On June 21, 2020, the United States Supreme Court held that disgorgement of a wrongdoer's net profits in an SEC enforcement action qualifies as "equitable relief" authorized by the Securities and Exchange Act ("Act"), 15 U.S.C. § 78a, et seq. Liu v. Securities and Exchange Comm'n, No. 18-1501, 2020 WL 3405845, 591 U.S. --- (2020).

Under Section 78u of the Act, the SEC is authorized to, among other things, institute actions for violations of the Act and to obtain injunctive relief and monetary penalties. 15 U.S.C. § 78u(d)(1)-(3). In addition to these remedies, the Act provides that "[i]n any action or proceeding brought or instituted by the Commission under any provision of the securities laws, the Commission may seek, and any Federal court may grant, any equitable relief that may be appropriate or necessary for the benefit of investors." Id. In Kokesh v. Securities and Exchange Comm'n, 137 S.Ct. 1635 (2017), the Court held that disgorgement in the securities enforcement context is a penalty, subject to the applicable five year statute of limitations for enforcement of fines and penalties.
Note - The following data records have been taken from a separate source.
lemma Omax_coeff_Suc_ge:
  assumes n: "n \<ge> 1"
  shows "F_vec c k (Suc n) * Omax_coeff c k n (m - 1) + F_vec (compl_vec c) k (Suc n) * Omax_coeff c k n m
    \<le> Omax_coeff c k (Suc n) m"
proof (cases "1 \<le> m \<and> m \<le> Suc n")
  case False
  then have "m = 0 \<or> (m - 1 > n \<and> m > n)" by auto
  then show ?thesis by (auto simp: Omax_coeff_def)
next
  case True
  define q where "q = m - 1"
  define H where "H = H_vec c k n"
  define A where "A = F_vec c k (Suc n)"
  define B where "B = F_vec (compl_vec c) k (Suc n)"
  define P where "P = compl_F_prod c k (Suc n - m)"
  have m: "m = Suc q" and q: "q \<le> n" using True by (auto simp: q_def)
  have A0: "0 \<le> A" and H0: "0 \<le> H" and P0: "0 \<le> P"
    using F_vec_nonneg H_vec_nonneg compl_F_prod_nonneg by (auto simp: A_def H_def P_def)
  have rhs: "Omax_coeff c k (Suc n) m = (H + A) ^ q / fact q * P"
    using True n by (simp add: Omax_coeff_def H_vec_Suc H_def A_def P_def q_def)
  have first: "A * Omax_coeff c k n (m - 1) \<le> real q * A * H ^ (q - 1) / fact q * P"
  proof (cases q)
    case (Suc q')
    have "fact q = real q * fact q'" using Suc by simp
    then show ?thesis using Suc m q by (simp add: Omax_coeff_def H_def P_def)
  qed (simp add: Omax_coeff_def m)
  have second: "B * Omax_coeff c k n m \<le> H ^ q / fact q * P"
  proof (cases "m \<le> n")
    case True
    then have split: "Suc n - m = Suc (n - m)" by simp
    have "B \<le> F_vec (compl_vec c) k (n - m + 2)"
      unfolding B_def by (intro F_vec_antimono) (use True m in auto)
    then have "compl_F_prod c k (n - m) * B \<le> P"
      unfolding P_def split compl_F_prod_Suc by (intro mult_left_mono compl_F_prod_nonneg)
    then have "H ^ q / fact q * (compl_F_prod c k (n - m) * B) \<le> H ^ q / fact q * P"
      using H0 by (intro mult_left_mono) auto
    moreover have "B * Omax_coeff c k n m = H ^ q / fact q * (compl_F_prod c k (n - m) * B)"
      using True m by (simp add: Omax_coeff_def H_def mult_ac)
    ultimately show ?thesis by simp
  qed (use H0 P0 in \<open>simp add: Omax_coeff_def\<close>)
  have "A * Omax_coeff c k n (m - 1) + B * Omax_coeff c k n m \<le> (H ^ q + real q * A * H ^ (q - 1)) / fact q * P"
    using first second by (simp add: add_divide_distrib distrib_right)
  also have "\<dots> \<le> (H + A) ^ q / fact q * P"
    using power_add_ge_first_terms[OF H0 A0, of q] P0 by (intro mult_right_mono divide_right_mono) auto
  finally show ?thesis unfolding rhs A_def B_def .
qed

lemma Omax_Suc_ge:
  assumes c: "\<forall>\<beta>\<le>k. c \<beta> \<in> {0, 1}" and n: "n \<ge> 1"
  shows "real n ^ k * (F_vec c k (Suc n) * (if 1 \<le> w then Omax c k n (int (w - 1)) else 0)
      + F_vec (compl_vec c) k (Suc n) * Omax c k n (int w)) \<le> Omax c k (Suc n) (int w)"
proof -
  define M where "M = w + 1 - c k"
  have ck: "c k \<le> 1" using c by auto
  have pred: "(if 1 \<le> w then Omax c k n (int (w - 1)) else 0) = fact (n - 1) ^ k * Omax_coeff c k n (M - 1)"
  proof (cases "1 \<le> w")
    case True
    then have "w - 1 + 1 - c k = M - 1" by (simp add: M_def)
    then show ?thesis using True Omax_eq_Omax_coeff[of c k n "w - 1", OF ck] by simp
  next
    case False
    then have "M - 1 = 0" by (simp add: M_def)
    then show ?thesis using False by (simp add: Omax_coeff_def)
  qed
  have "(fact n :: real) = real n * fact (n - 1)" using n by (simp add: fact_reduce)
  then have fact_Suc: "(fact n :: real) ^ k = real n ^ k * fact (n - 1) ^ k"
    by (simp add: power_mult_distrib)
  have cur: "Omax c k n (int w) = fact (n - 1) ^ k * Omax_coeff c k n M"
    unfolding M_def by (rule Omax_eq_Omax_coeff[of c k, OF ck])
  have succ: "Omax c k (Suc n) (int w) = fact n ^ k * Omax_coeff c k (Suc n) M"
    unfolding M_def using Omax_eq_Omax_coeff[of c k "Suc n" w, OF ck] by simp
  have "real n ^ k * (F_vec c k (Suc n) * (if 1 \<le> w then Omax c k n (int (w - 1)) else 0)
      + F_vec (compl_vec c) k (Suc n) * Omax c k n (int w))
      = real n ^ k * fact (n - 1) ^ k * (F_vec c k (Suc n) * Omax_coeff c k n (M - 1)
        + F_vec (compl_vec c) k (Suc n) * Omax_coeff c k n M)"
    unfolding pred cur by (simp add: algebra_simps)
  also have "\<dots> \<le> real n ^ k * fact (n - 1) ^ k * Omax_coeff c k (Suc n) M"
    by (intro mult_left_mono Omax_coeff_Suc_ge n) auto
  also have "\<dots> = Omax c k (Suc n) (int w)"
    unfolding succ fact_Suc ..
  finally show ?thesis .
qed

lemma O_C_le_Omax:
  assumes c: "\<forall>\<beta>\<le>k. c \<beta> \<in> {0, 1}" and n: "n \<ge> 1"
  shows "real (O_C c k n w) \<le> Omax c k n (int w)"
  using n
proof (induction n arbitrary: w rule: nat_induct_at_least)
  case base
  have "c k \<le> 1" using c by auto
  then show ?case
    using O_C_one[OF c, of w] H_vec_nonneg[of c k 1]
    by (simp add: Omax_eq_Omax_coeff Omax_coeff_def compl_F_prod_def)
next
  case (Suc n)
  have F0: "0 \<le> F_vec c k (Suc n)" "0 \<le> F_vec (compl_vec c) k (Suc n)" by (auto intro: F_vec_nonneg)
  have "F_vec c k (Suc n) * (if 1 \<le> w then real (O_C c k n (w - 1)) else 0)
      + F_vec (compl_vec c) k (Suc n) * real (O_C c k n w)
    \<le> F_vec c k (Suc n) * (if 1 \<le> w then Omax c k n (int (w - 1)) else 0)
      + F_vec (compl_vec c) k (Suc n) * Omax c k n (int w)"
  proof -
    have "(if 1 \<le> w then real (O_C c k n (w - 1)) else 0) \<le> (if 1 \<le> w then Omax c k n (int (w - 1)) else 0)"
      using Suc.IH[of "w - 1"] by (cases "1 \<le> w") (simp_all only: if_True if_False order.refl)
    then show ?thesis using F0 by (intro add_mono mult_left_mono Suc.IH)
  qed
  then have "real (O_C c k (Suc n) w) \<le> real n ^ k * (F_vec c k (Suc n) * (if 1 \<le> w then Omax c k n (int (w - 1)) else 0)
      + F_vec (compl_vec c) k (Suc n) * Omax c k n (int w))"
    unfolding O_C_Suc[OF c Suc.hyps] by (intro mult_left_mono) auto
  also have "\<dots> \<le> Omax c k (Suc n) (int w)" by (rule Omax_Suc_ge[OF c Suc.hyps])
  finally show ?case .
qed

section \<open>Complementary sets and sums over all weights\<close>

lemma rec_count_le: "ps \<in> perm_tuples k n \<Longrightarrow> rec_count ps a \<le> k"
  using length_filter_le[of "\<lambda>p. is_record p a" ps] by (simp add: rec_count_def perm_tuples_def)

lemma card_opt_set_le: "card (opt_set c n ps) \<le> n"
proof -
  have "opt_set c n ps \<subseteq> {1..n}" by (auto simp: opt_set_def)
  from card_mono[OF finite_atLeastAtMost this] show ?thesis by simp
qed

lemma opt_set_compl_vec:
  assumes c: "\<forall>\<beta>\<le>k. c \<beta> \<in> {0, 1}" and ps: "ps \<in> perm_tuples k n"
  shows "opt_set (compl_vec c) n ps = {1..n} - opt_set c n ps"
  using compl_vec_eq_1_iff c rec_count_le[OF ps] by (auto simp: opt_set_def)

lemma O_C_compl_vec:
  assumes c: "\<forall>\<beta>\<le>k. c \<beta> \<in> {0, 1}" and m: "m \<le> n"
  shows "O_C c k n m = O_C (compl_vec c) k n (n - m)"
proof -
  have "card (opt_set c n ps) = m \<longleftrightarrow> card (opt_set (compl_vec c) n ps) = n - m"
    if ps: "ps \<in> perm_tuples k n" for ps
  proof -
    have sub: "opt_set c n ps \<subseteq> {1..n}" by (auto simp: opt_set_def)
    then have "card (opt_set (compl_vec c) n ps) = n - card (opt_set c n ps)"
      using card_Diff_subset[OF finite_subset[OF sub] sub] opt_set_compl_vec[OF c ps] by simp
    then show ?thesis using m card_opt_set_le[of c n ps] by auto
  qed
  then show ?thesis unfolding O_C_def by (metis (no_types, lifting) Collect_cong)
qed

lemma O_C_le_Omax_compl_vec:
  assumes c: "\<forall>\<beta>\<le>k. c \<beta> \<in> {0, 1}" and n: "n \<ge> 1" and m: "m \<le> n"
  shows "real (O_C c k n m) \<le> Omax (compl_vec c) k n (int n - int m)"
proof -
  have c': "\<forall>\<beta>\<le>k. compl_vec c \<beta> \<in> {0, 1}" using compl_vec_01 by blast
  have "real (O_C c k n m) = real (O_C (compl_vec c) k n (n - m))"
    using O_C_compl_vec[OF c m] by simp
  also have "\<dots> \<le> Omax (compl_vec c) k n (int (n - m))"
    by (rule O_C_le_Omax[OF c' n])
  finally show ?thesis using m by (simp add: of_nat_diff)
qed

lemma sum_O_C: "(\<Sum>m=0..n. real (O_C c k n m)) = fact n ^ k"
proof -
  let ?S = "\<lambda>m. {ps \<in> perm_tuples k n. card (opt_set c n ps) = m}"
  have "perm_tuples k n = (\<Union>m\<in>{0..n}. ?S m)"
    using card_opt_set_le by auto
  then have "card (perm_tuples k n) = card (\<Union>m\<in>{0..n}. ?S m)" by simp
  also have "\<dots> = (\<Sum>m=0..n. O_C c k n m)"
    unfolding O_C_def by (rule card_UN_disjoint) (auto simp: finite_perm_tuples)
  finally show ?thesis by (metis card_perm_tuples of_nat_fact of_nat_power of_nat_sum)
qed

lemma sum_Omax:
  assumes "c k \<le> 1"
  shows "(\<Sum>m=0..n. Omax c k n (int m)) = fact (n - 1) ^ k * (\<Sum>m=1..n. Omax_coeff c k n m)"
proof -
  have shift: "(\<Sum>m=0..n. Omax_coeff c k n (m + 1 - c k)) = (\<Sum>m=1..n. Omax_coeff c k n m)"
  proof (cases "c k = 0")
    case True
    have "(\<Sum>m=0..n. Omax_coeff c k n (m + 1 - c k)) = (\<Sum>m=0..n. Omax_coeff c k n (Suc m))"
      using True by simp
    also have "\<dots> = (\<Sum>m=Suc 0..Suc n. Omax_coeff c k n m)"
      by (rule sum.shift_bounds_cl_Suc_ivl[symmetric])
    also have "\<dots> = (\<Sum>m=1..n. Omax_coeff c k n m)" by (simp add: Omax_coeff_def)
    finally show ?thesis .
  next
    case False
    then have "c k = 1" using assms by simp
    then show ?thesis by (simp add: sum.atLeast_Suc_atMost Omax_coeff_def)
  qed
  have "(\<Sum>m=0..n. Omax c k n (int m)) = (\<Sum>m=0..n. fact (n - 1) ^ k * Omax_coeff c k n (m + 1 - c k))"
    by (intro sum.cong refl Omax_eq_Omax_coeff[of c k, OF assms])
  also have "\<dots> = fact (n - 1) ^ k * (\<Sum>m=0..n. Omax_coeff c k n (m + 1 - c k))"
    by (rule sum_distrib_left[symmetric])
  finally show ?thesis unfolding shift .
qed

lemma F_vec_compl_vec_le:
  assumes "j \<ge> 2"
  shows "F_vec (compl_vec c) k j \<le> (1 + 1 / (real j - 1)) ^ k"
proof -
  have "F_vec (compl_vec c) k j \<le> (\<Sum>b\<le>k. real (k choose b) * (1 / (real j - 1)) ^ b * 1 ^ (k - b))"
    unfolding F_vec_def atLeast0AtMost[symmetric]
  proof (rule sum_mono)
    fix b
    have "real (compl_vec c b) \<le> 1" using compl_vec_01[of c b] by auto
    then have "real (k choose b) * real (compl_vec c b) / (real j - 1) ^ b \<le> real (k choose b) / (real j - 1) ^ b"
      using assms by (intro divide_right_mono) (auto simp: mult_left_le)
    then show "real (k choose b) * real (compl_vec c b) / (real j - 1) ^ b
        \<le> real (k choose b) * (1 / (real j - 1)) ^ b * 1 ^ (k - b)"
      by (simp add: power_divide)
  qed
  also have "\<dots> = (1 / (real j - 1) + 1) ^ k"
    by (rule binomial_ring[symmetric])
  finally show ?thesis by (simp add: add.commute)
qed

lemma compl_F_prod_le: "compl_F_prod c k r \<le> (real r + 1) ^ k"
proof (induction r)
  case (Suc r)
  have "compl_F_prod c k (Suc r) \<le> (real r + 1) ^ k * (1 + 1 / (real r + 1)) ^ k"
    unfolding compl_F_prod_Suc
    using Suc compl_F_prod_nonneg F_vec_nonneg F_vec_compl_vec_le[of "r + 2" c k]
    by (intro mult_mono) (auto simp: add.commute)
  also have "\<dots> = (real (Suc r) + 1) ^ k"
  proof -
    have "(real r + 1) * (1 + 1 / (real r + 1)) = real (Suc r) + 1" by (simp add: field_simps)
    then show ?thesis by (simp only: power_mult_distrib[symmetric])
  qed
  finally show ?case .
qed (simp add: compl_F_prod_def)

lemma Omax_coeff_Suc_le:
  assumes p: "p < n"
  shows "Omax_coeff c k n (Suc p) \<le> H_vec c k n ^ p / fact p * (real n - real p) ^ k"
proof -
  have "real (n - Suc p) + 1 = real n - real p" using p by (simp add: of_nat_diff)
  then have prod_le: "compl_F_prod c k (n - Suc p) \<le> (real n - real p) ^ k"
    using compl_F_prod_le[of c k "n - Suc p"] by simp
  have "Omax_coeff c k n (Suc p) = H_vec c k n ^ p / fact p * compl_F_prod c k (n - Suc p)"
    using p by (simp add: Omax_coeff_def)
  also have "\<dots> \<le> H_vec c k n ^ p / fact p * (real n - real p) ^ k"
    by (rule mult_left_mono[OF prod_le]) (simp add: H_vec_nonneg)
  finally show ?thesis .
qed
At issue in Liu was whether disgorgement also qualifies as "equitable relief" under the Act. In Liu, Charles Liu and his wife solicited $27 million from foreign investors under the EB-5 Immigrant Investor Program, which allows noncitizens to apply for permanent residence by investing in approved enterprises. The private offering memorandum disclosed that a small administrative fee would be used to fund expenses. In reality, only a fraction of the $27 million was invested in the enterprise at issue. Liu spent nearly $20 million on salaries and other expenses, and diverted a large amount of funds to personal accounts and those of a company he controlled.

The SEC brought a civil action against Liu and his wife. The district court found for the SEC, granting an injunction barring Liu and his wife from participating in the EB-5 program and imposing a large civil penalty. The court also ordered disgorgement of the full amount Liu raised from investors, without any allowance for costs and expenses, and ordered Liu and his wife jointly and severally liable for the award. The Ninth Circuit affirmed.

The Supreme Court vacated the judgment. In doing so, however, the Court agreed with the SEC and the courts below on the primary issue of whether any form of disgorgement could be ordered as equitable relief under the Act. Analogizing disgorgement to the categories of relief typically available in equity to the extent that it deprives wrongdoers of their ill-gotten gains, the Court held that disgorgement qualifies as equitable relief authorized by Section 78u(d)(5).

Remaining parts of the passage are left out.